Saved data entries
──────────────────────────────

(* Let $\mathbb{F}$ be a field of characteristic $2$ with at least $4$ elements, let $k\geq 1$ be an integer, and let $B\in M_{4k+2}(\mathbb{F})$ be a non-derogative matrix with characteristic polynomial $p_B(x)=x^{4k+2}+w_{4k+1}x^{4k+1}+w_{4k}x^{4k}+\dots+w_0$. Let $a\in\mathbb{F}$ with $a\neq 0,1$. (a) If $\operatorname{Trace}(B)=c\neq 0$, then there exist $N,D\in M_{4k+2}(\mathbb{F})$ with $B=N+D$, $N^2=0$, and $D$ diagonalizable with every eigenvalue in $\{0,\ c,\ ca,\ c(a+1)\}$. (b) If $\operatorname{Trace}(B)=0$ and $b\in\mathbb{F}$ satisfies $b^2=w_{4k}+a^2+a+1$ (such $b$ always exists when $\mathbb{F}$ is finite), then there exist $N,D\in M_{4k+2}(\mathbb{F})$ with $B=N+D$, $N^2=0$, and $D$ diagonalizable with every eigenvalue in $\{b,\ b+1,\ b+a,\ b+a+1\}$.
   Context: A square matrix is non-derogative if its minimal polynomial equals its characteristic polynomial. A matrix $D\in M_n(\mathbb{F})$ is diagonalizable if there exists an invertible $U\in M_n(\mathbb{F})$ such that $U^{-1}DU$ is diagonal. *)

theory Defs
  imports "Jordan_Normal_Form.Char_Poly" "HOL-Computational_Algebra.Polynomial"
begin

definition mat_trace :: "'a :: comm_ring_1 mat \<Rightarrow> 'a" where
  "mat_trace A = (\<Sum>i<dim_row A. A $$ (i, i))"

definition poly_mat :: "'a :: comm_ring_1 poly \<Rightarrow> 'a mat \<Rightarrow> 'a mat" where
  "poly_mat p A = mat (dim_row A) (dim_row A)
     (\<lambda>(i, j). \<Sum>k\<le>degree p. coeff p k * (A ^\<^sub>m k) $$ (i, j))"

definition is_minimal_poly :: "'a :: field mat \<Rightarrow> 'a poly \<Rightarrow> bool" where
  "is_minimal_poly A p \<longleftrightarrow>
     monic p \<and> poly_mat p A = 0\<^sub>m (dim_row A) (dim_row A) \<and>
     (\<forall>q. q \<noteq> 0 \<and> poly_mat q A = 0\<^sub>m (dim_row A) (dim_row A) \<longrightarrow> degree p \<le> degree q)"

definition non_derogative :: "'a :: field mat \<Rightarrow> bool" where
  "non_derogative A \<longleftrightarrow> is_minimal_poly A (char_poly A)"

definition diagonalizable :: "'a :: field mat \<Rightarrow> bool" where
  "diagonalizable D \<longleftrightarrow> (\<exists>Delta. diagonal_mat Delta \<and> similar_mat D Delta)"

end

theory Submission
  imports Defs
begin

text \<open>Since \<open>B\<close> is non-derogative it has a cyclic vector \<open>v\<close>; it is built from vectors whose
  annihilators are the prime-power parts of the minimal polynomial.
  Write \<open>n = 2m\<close> and let \<open>\<theta>\<^sub>i\<close> run through \<open>\<rho>, \<lambda>\<^sub>0, \<rho>, \<lambda>\<^sub>1, \<dots>, \<rho>, \<lambda>\<^sub>m\<^sub>-\<^sub>2, \<rho>\<close>.
  The vectors \<open>z\<^sub>i = f\<^sub>i(B) v\<close> with \<open>f\<^sub>0 = 1\<close> and \<open>f\<^sub>i\<^sub>+\<^sub>1 = (x - \<theta>\<^sub>i) f\<^sub>i\<close> form a basis with
  \<open>B z\<^sub>i = z\<^sub>i\<^sub>+\<^sub>1 + \<theta>\<^sub>i z\<^sub>i\<close> for \<open>i < n - 1\<close>. In this basis \<open>B = N + D\<close>, where \<open>N\<close> consists of
  the subdiagonal ones in the even columns, so \<open>N\<^sup>2 = 0\<close>, and \<open>D\<close> keeps the remaining
  subdiagonal ones, the diagonal \<open>\<theta>\<close> and the last column of \<open>B\<close>. Comparing traces, the last
  diagonal entry of \<open>D\<close> is \<open>s = tr B - m \<rho> - \<Sum> \<lambda>\<^sub>j\<close>; if \<open>s\<close> differs from \<open>\<rho>\<close> and the \<open>\<lambda>\<^sub>j\<close> and
  these differ from \<open>\<rho>\<close>, then \<open>D\<close> has a basis of eigenvectors. In characteristic 2 with
  \<open>n = 4k + 2\<close> the choices \<open>\<rho> = 0, \<lambda>\<^sub>j = c a, s = c\<close> and
  \<open>\<rho> = b, \<lambda>\<^sub>0 = b + a + 1, \<lambda>\<^sub>j = b + a, s = b + 1\<close> satisfy these conditions.\<close>

section \<open>Polynomials evaluated at matrices\<close>

lemma pow_mat_Suc_left:
  assumes "A \<in> carrier_mat n n"
  shows "A ^\<^sub>m Suc k = A * A ^\<^sub>m k"
proof (induction k)
  case (Suc k)
  have "A ^\<^sub>m Suc (Suc k) = (A * A ^\<^sub>m k) * A" using Suc by simp
  also have "\<dots> = A * (A ^\<^sub>m k * A)"
    using assms by (intro assoc_mult_mat[of _ n n _ n _ n]) auto
  finally show ?case by simp
qed (use assms in simp)

lemma poly_mat_dim [simp]: "dim_row (poly_mat f A) = dim_row A" "dim_col (poly_mat f A) = dim_row A"
  unfolding poly_mat_def by auto

lemma poly_mat_carrier [simp]: "A \<in> carrier_mat n n \<Longrightarrow> poly_mat f A \<in> carrier_mat n n"
  unfolding poly_mat_def by auto

lemma poly_mat_index:
  assumes A: "A \<in> carrier_mat n n" and "i < n" "j < n" and "degree f \<le> d"
  shows "poly_mat f A $$ (i, j) = (\<Sum>k\<le>d. coeff f k * (A ^\<^sub>m k) $$ (i, j))"
proof -
  have "poly_mat f A $$ (i, j) = (\<Sum>k\<le>degree f. coeff f k * (A ^\<^sub>m k) $$ (i, j))"
    using assms unfolding poly_mat_def by auto
  also have "\<dots> = (\<Sum>k\<le>d. coeff f k * (A ^\<^sub>m k) $$ (i, j))"
    by (rule sum.mono_neutral_left) (use assms in \<open>auto simp: coeff_eq_0\<close>)
  finally show ?thesis .
qed

lemma poly_mat_0: "A \<in> carrier_mat n n \<Longrightarrow> poly_mat 0 A = 0\<^sub>m n n"
  unfolding poly_mat_def by (intro eq_matI) auto

lemma poly_mat_add:
  assumes A: "A \<in> carrier_mat n n"
  shows "poly_mat (f + g) A = poly_mat f A + poly_mat g A"
proof (rule eq_matI)
  fix i j assume "i < dim_row (poly_mat f A + poly_mat g A)" "j < dim_col (poly_mat f A + poly_mat g A)"
  then have ij: "i < n" "j < n" using A by auto
  let ?d = "max (degree f) (degree g)"
  have "degree (f + g) \<le> ?d" by (rule degree_add_le) auto
  then show "poly_mat (f + g) A $$ (i, j) = (poly_mat f A + poly_mat g A) $$ (i, j)"
    using A ij by (simp add: poly_mat_index[OF A ij, of _ ?d] sum.distrib algebra_simps)
qed (use A in auto)

lemma poly_mat_smult:
  assumes A: "A \<in> carrier_mat n n"
  shows "poly_mat (Polynomial.smult c f) A = c \<cdot>\<^sub>m poly_mat f A"
proof (rule eq_matI)
  fix i j assume "i < dim_row (c \<cdot>\<^sub>m poly_mat f A)" "j < dim_col (c \<cdot>\<^sub>m poly_mat f A)"
  then have ij: "i < n" "j < n" using A by auto
  have "poly_mat (Polynomial.smult c f) A $$ (i, j)
      = (\<Sum>k\<le>degree f. coeff (Polynomial.smult c f) k * (A ^\<^sub>m k) $$ (i, j))"
    by (rule poly_mat_index[OF A ij degree_smult_le])
  then show "poly_mat (Polynomial.smult c f) A $$ (i, j) = (c \<cdot>\<^sub>m poly_mat f A) $$ (i, j)"
    using A ij by (simp add: poly_mat_index[OF A ij order.refl] sum_distrib_left algebra_simps)
qed (use A in auto)

lemma poly_mat_pCons:
  assumes A: "A \<in> carrier_mat n n"
  shows "poly_mat (pCons c f) A = c \<cdot>\<^sub>m 1\<^sub>m n + A * poly_mat f A"
proof (rule eq_matI)
  fix i j assume "i < dim_row (c \<cdot>\<^sub>m 1\<^sub>m n + A * poly_mat f A)"
    "j < dim_col (c \<cdot>\<^sub>m 1\<^sub>m n + A * poly_mat f A)"
  then have i: "i < n" and j: "j < n" using A by auto
  let ?d = "degree f"
  have "poly_mat (pCons c f) A $$ (i, j) = (\<Sum>k\<le>Suc ?d. coeff (pCons c f) k * (A ^\<^sub>m k) $$ (i, j))"
    by (rule poly_mat_index[OF A i j]) (simp add: degree_pCons_le)
  also have "\<dots> = c * 1\<^sub>m n $$ (i, j) + (\<Sum>k\<le>?d. coeff f k * (A ^\<^sub>m Suc k) $$ (i, j))"
    using A by (subst sum.atMost_Suc_shift) simp
  also have "(\<Sum>k\<le>?d. coeff f k * (A ^\<^sub>m Suc k) $$ (i, j))
      = (\<Sum>k\<le>?d. coeff f k * (A * A ^\<^sub>m k) $$ (i, j))"
    by (simp only: pow_mat_Suc_left[OF A])
  also have "(\<Sum>k\<le>?d. coeff f k * (A * A ^\<^sub>m k) $$ (i, j))
      = (\<Sum>l<n. A $$ (i, l) * (\<Sum>k\<le>?d. coeff f k * (A ^\<^sub>m k) $$ (l, j)))"
    using A i j by (simp add: scalar_prod_def atLeast0LessThan sum_distrib_left algebra_simps)
      (rule sum.swap)
  also have "\<dots> = (A * poly_mat f A) $$ (i, j)"
    using A i j poly_mat_index[OF A _ j order.refl, of _ f]
    by (simp add: scalar_prod_def atLeast0LessThan)
  finally show "poly_mat (pCons c f) A $$ (i, j) = (c \<cdot>\<^sub>m 1\<^sub>m n + A * poly_mat f A) $$ (i, j)"
    using A i j by simp
qed (use A in auto)

lemma poly_mat_pCons_0:
  assumes "A \<in> carrier_mat n n"
  shows "poly_mat (pCons 0 f) A = A * poly_mat f A"
  using assms by (simp add: poly_mat_pCons) (rule eq_matI; simp)

lemma poly_mat_mult:
  assumes A: "A \<in> carrier_mat n n"
  shows "poly_mat (f * g) A = poly_mat f A * poly_mat g A"
proof (induction f)
  case 0
  then show ?case using A by (simp add: poly_mat_0 left_mult_zero_mat[of _ n n])
next
  case (pCons c f)
  have F: "poly_mat f A \<in> carrier_mat n n" and G: "poly_mat g A \<in> carrier_mat n n"
    using A by auto
  have "poly_mat (pCons c f * g) A = poly_mat (Polynomial.smult c g + pCons 0 (f * g)) A"
    by simp
  also have "\<dots> = c \<cdot>\<^sub>m poly_mat g A + A * (poly_mat f A * poly_mat g A)"
    using A pCons.IH by (simp add: poly_mat_add poly_mat_smult poly_mat_pCons_0)
  also have "\<dots> = (c \<cdot>\<^sub>m 1\<^sub>m n) * poly_mat g A + (A * poly_mat f A) * poly_mat g A"
  proof -
    have "(c \<cdot>\<^sub>m 1\<^sub>m n) * poly_mat g A = c \<cdot>\<^sub>m poly_mat g A"
      using G by (simp add: mult_smult_assoc_mat[of _ n n _ n] left_mult_one_mat[of _ n n])
    then show ?thesis
      using A F G by (simp add: assoc_mult_mat[of _ n n _ n _ n])
  qed
  also have "\<dots> = (c \<cdot>\<^sub>m 1\<^sub>m n + A * poly_mat f A) * poly_mat g A"
    using A F G by (intro add_mult_distrib_mat[symmetric, of _ n n]) auto
  also have "\<dots> = poly_mat (pCons c f) A * poly_mat g A"
    using A by (simp add: poly_mat_pCons)
  finally show ?case .
qed

lemma poly_mat_one: "A \<in> carrier_mat n n \<Longrightarrow> poly_mat 1 A = 1\<^sub>m n"
  by (simp add: one_pCons poly_mat_pCons poly_mat_0) (rule eq_matI; simp)

lemma poly_mat_x: "A \<in> carrier_mat n n \<Longrightarrow> poly_mat [:0, 1:] A = A"
  by (simp add: poly_mat_pCons poly_mat_one flip: one_pCons) (rule eq_matI; simp)

lemma mult_mat_vec_zero [simp]: "A *\<^sub>v 0\<^sub>v (dim_col A) = 0\<^sub>v (dim_row A)"
  by (intro eq_vecI) (auto simp: scalar_prod_def)

lemma zero_mat_mult_vec [simp]: "v \<in> carrier_vec m \<Longrightarrow> 0\<^sub>m n m *\<^sub>v v = 0\<^sub>v n"
  by (intro eq_vecI) (auto simp: scalar_prod_def)

lemma mat_mult_vec_nonzero:
  fixes M :: "'a :: comm_ring_1 mat"
  assumes M: "M \<in> carrier_mat n n" and "M \<noteq> 0\<^sub>m n n"
  obtains z where "z \<in> carrier_vec n" "M *\<^sub>v z \<noteq> 0\<^sub>v n"
proof -
  have "\<not> (\<forall>i<n. \<forall>j<n. M $$ (i, j) = 0)"
  proof
    assume "\<forall>i<n. \<forall>j<n. M $$ (i, j) = 0"
    then have "M = 0\<^sub>m n n" using M by (intro eq_matI) auto
    then show False using assms(2) by simp
  qed
  then obtain i j where ij: "i < n" "j < n" "M $$ (i, j) \<noteq> 0" by blast
  then have "(M *\<^sub>v unit_vec n j) $ i \<noteq> 0"
    using M by simp
  then have "M *\<^sub>v unit_vec n j \<noteq> 0\<^sub>v n" using ij(1) by (metis index_zero_vec(1))
  then show ?thesis using that[of "unit_vec n j"] by simp
qed

lemma poly_mat_mult_vec_carrier [simp]:
  "A \<in> carrier_mat n n \<Longrightarrow> u \<in> carrier_vec n \<Longrightarrow> poly_mat f A *\<^sub>v u \<in> carrier_vec n"
  by (metis mult_mat_vec_carrier poly_mat_carrier)

lemma poly_mat_mult_vec:
  assumes "A \<in> carrier_mat n n" "u \<in> carrier_vec n"
  shows "poly_mat (f * g) A *\<^sub>v u = poly_mat f A *\<^sub>v (poly_mat g A *\<^sub>v u)"
  using assms by (simp add: poly_mat_mult assoc_mult_mat_vec[of _ n n _ n])

lemma poly_mat_mult_vec_commute:
  assumes "A \<in> carrier_mat n n" "u \<in> carrier_vec n"
  shows "poly_mat f A *\<^sub>v (poly_mat g A *\<^sub>v u) = poly_mat g A *\<^sub>v (poly_mat f A *\<^sub>v u)"
  using assms by (metis poly_mat_mult_vec mult.commute)

lemma poly_mat_add_vec:
  assumes "A \<in> carrier_mat n n" "u \<in> carrier_vec n"
  shows "poly_mat (f + g) A *\<^sub>v u = poly_mat f A *\<^sub>v u + poly_mat g A *\<^sub>v u"
  using assms by (simp add: poly_mat_add add_mult_distrib_mat_vec[of _ n n])

lemma poly_mat_mult_vec_dvd_zero:
  assumes A: "A \<in> carrier_mat n n" and u: "u \<in> carrier_vec n"
    and f: "poly_mat f A *\<^sub>v u = 0\<^sub>v n" and "f dvd h"
  shows "poly_mat h A *\<^sub>v u = 0\<^sub>v n"
proof -
  obtain r where "h = r * f" using \<open>f dvd h\<close> by (metis dvdE mult.commute)
  then show ?thesis
    using A f mult_mat_vec_zero[of "poly_mat r A"] by (simp add: poly_mat_mult_vec[OF A u])
qed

──────────────────────────────

• Work instructions
Copy, from the data above, every line where the word "forall" appears.

• Task solution
     (\<forall>q. q \<noteq> 0 \<and> poly_mat q A = 0\<^sub>m (dim_row A) (dim_row A) \<longrightarrow> degree p \<le> degree q)"
  have "\<not> (\<forall>i<n. \<forall>j<n. M $$ (i, j) = 0)"
    assume "\<forall>i<n. \<forall>j<n. M $$ (i, j) = 0"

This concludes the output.